(* Let $(K_n,\Sigma)$ be a signed complete graph, and let $\mathcal{C}$ be a set of signed graphs $(G,\Sigma')$ with $G$ a spanning subgraph of $K_n$ such that: (i) $(K_n,\Sigma')\in\mathcal{C}$ if and only if $\Sigma'=\Sigma$; (ii) for each $(G,\Sigma')\in\mathcal{C}$ with $G\neq K_n$, there is an edge $vw\in E(K_n)\setminus E(G)$ such that $(G+vw,\Sigma')\in\mathcal{C}$ or $(G+vw,\Sigma'\cup\{vw\})\in\mathcal{C}$; (iii) for each $(G,\Sigma')\in\mathcal{C}$ and each $vw\in E(G)$, $(G\setminus vw,\Sigma'\setminus\{vw\})\in\mathcal{C}$ if and only if spectral integral variation occurs under the addition of $vw$ to $(G\setminus vw,\Sigma'\setminus\{vw\})$ with the same parity as in $(K_n,\Sigma)$. Then a signed graph (with underlying graph a spanning subgraph of $K_n$) is integrally $\Sigma$-completable if and only if it belongs to $\mathcal{C}$.
   Context: All graphs are finite and simple. A signed graph is a pair $(G,\Sigma)$ with $\Sigma\subseteq E(G)$; edges in $\Sigma$ are odd, others even. The signed Laplacian is $L(G,\Sigma)=D(G)-A(G,\Sigma)$, $D(G)$ the diagonal degree matrix, $A(G,\Sigma)$ having $(i,j)$-entry $1$ for an even edge, $-1$ for an odd edge, $0$ otherwise. Adding a new even (resp. odd) edge $vw$ to $(G,\Sigma)$ gives $(G+vw,\Sigma)$ (resp. $(G+vw,\Sigma\cup\{vw\})$); adding it "with the same parity as in $(K_n,\Sigma)$" means odd if $vw\in\Sigma$ and even otherwise. Spectral integral variation occurs if, with eigenvalues in nondecreasing order, corresponding eigenvalues of the signed Laplacians before and after differ by integers. $G\setminus vw$ is $G$ with edge $vw$ removed. A signed graph $(G,\Sigma')$ with $V(G)=V(K_n)$ is integrally $\Sigma$-completable if there is a sequence $(G_0,\Sigma_0)=(G,\Sigma'),\dots,(G_m,\Sigma_m)=(K_n,\Sigma)$ such that for each $i\in\{1,\dots,m\}$, $(G_i,\Sigma_i)$ is obtained from $(G_{i-1},\Sigma_{i-1})$ by adding a new (odd or even) edge $v_iw_i\in E(K_n)\setminus E(G_{i-1})$ under which spectral integral variation occurs. *)

theory Defs
  imports "Jordan_Normal_Form.Char_Poly" "HOL-Library.Multiset"
begin

text \<open>Vertices of K_n are 0,...,n-1. An edge is a 2-element set of vertices.
  A signed graph is a pair (E, S) of its edge set E and its set S of odd edges (S a subset of E).\<close>

definition Kn_edges :: "nat \<Rightarrow> nat set set" where
  "Kn_edges n = {{i, j} | i j. i < n \<and> j < n \<and> i \<noteq> j}"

━━━━

- WORK ORDER
Give exactly the lines from the one with "Context: All graphs" to the end of the entries, nothing before them.

- WRITTEN RESPONSE
   Context: All graphs are finite and simple. A signed graph is a pair $(G,\Sigma)$ with $\Sigma\subseteq E(G)$; edges in $\Sigma$ are odd, others even. The signed Laplacian is $L(G,\Sigma)=D(G)-A(G,\Sigma)$, $D(G)$ the diagonal degree matrix, $A(G,\Sigma)$ having $(i,j)$-entry $1$ for an even edge, $-1$ for an odd edge, $0$ otherwise. Adding a new even (resp. odd) edge $vw$ to $(G,\Sigma)$ gives $(G+vw,\Sigma)$ (resp. $(G+vw,\Sigma\cup\{vw\})$); adding it "with the same parity as in $(K_n,\Sigma)$" means odd if $vw\in\Sigma$ and even otherwise. Spectral integral variation occurs if, with eigenvalues in nondecreasing order, corresponding eigenvalues of the signed Laplacians before and after differ by integers. $G\setminus vw$ is $G$ with edge $vw$ removed. A signed graph $(G,\Sigma')$ with $V(G)=V(K_n)$ is integrally $\Sigma$-completable if there is a sequence $(G_0,\Sigma_0)=(G,\Sigma'),\dots,(G_m,\Sigma_m)=(K_n,\Sigma)$ such that for each $i\in\{1,\dots,m\}$, $(G_i,\Sigma_i)$ is obtained from $(G_{i-1},\Sigma_{i-1})$ by adding a new (odd or even) edge $v_iw_i\in E(K_n)\setminus E(G_{i-1})$ under which spectral integral variation occurs. *)

theory Defs
  imports "Jordan_Normal_Form.Char_Poly" "HOL-Library.Multiset"
begin

text \<open>Vertices of K_n are 0,...,n-1. An edge is a 2-element set of vertices.
  A signed graph is a pair (E, S) of its edge set E and its set S of odd edges (S a subset of E).\<close>

definition Kn_edges :: "nat \<Rightarrow> nat set set" where
  "Kn_edges n = {{i, j} | i j. i < n \<and> j < n \<and> i \<noteq> j}"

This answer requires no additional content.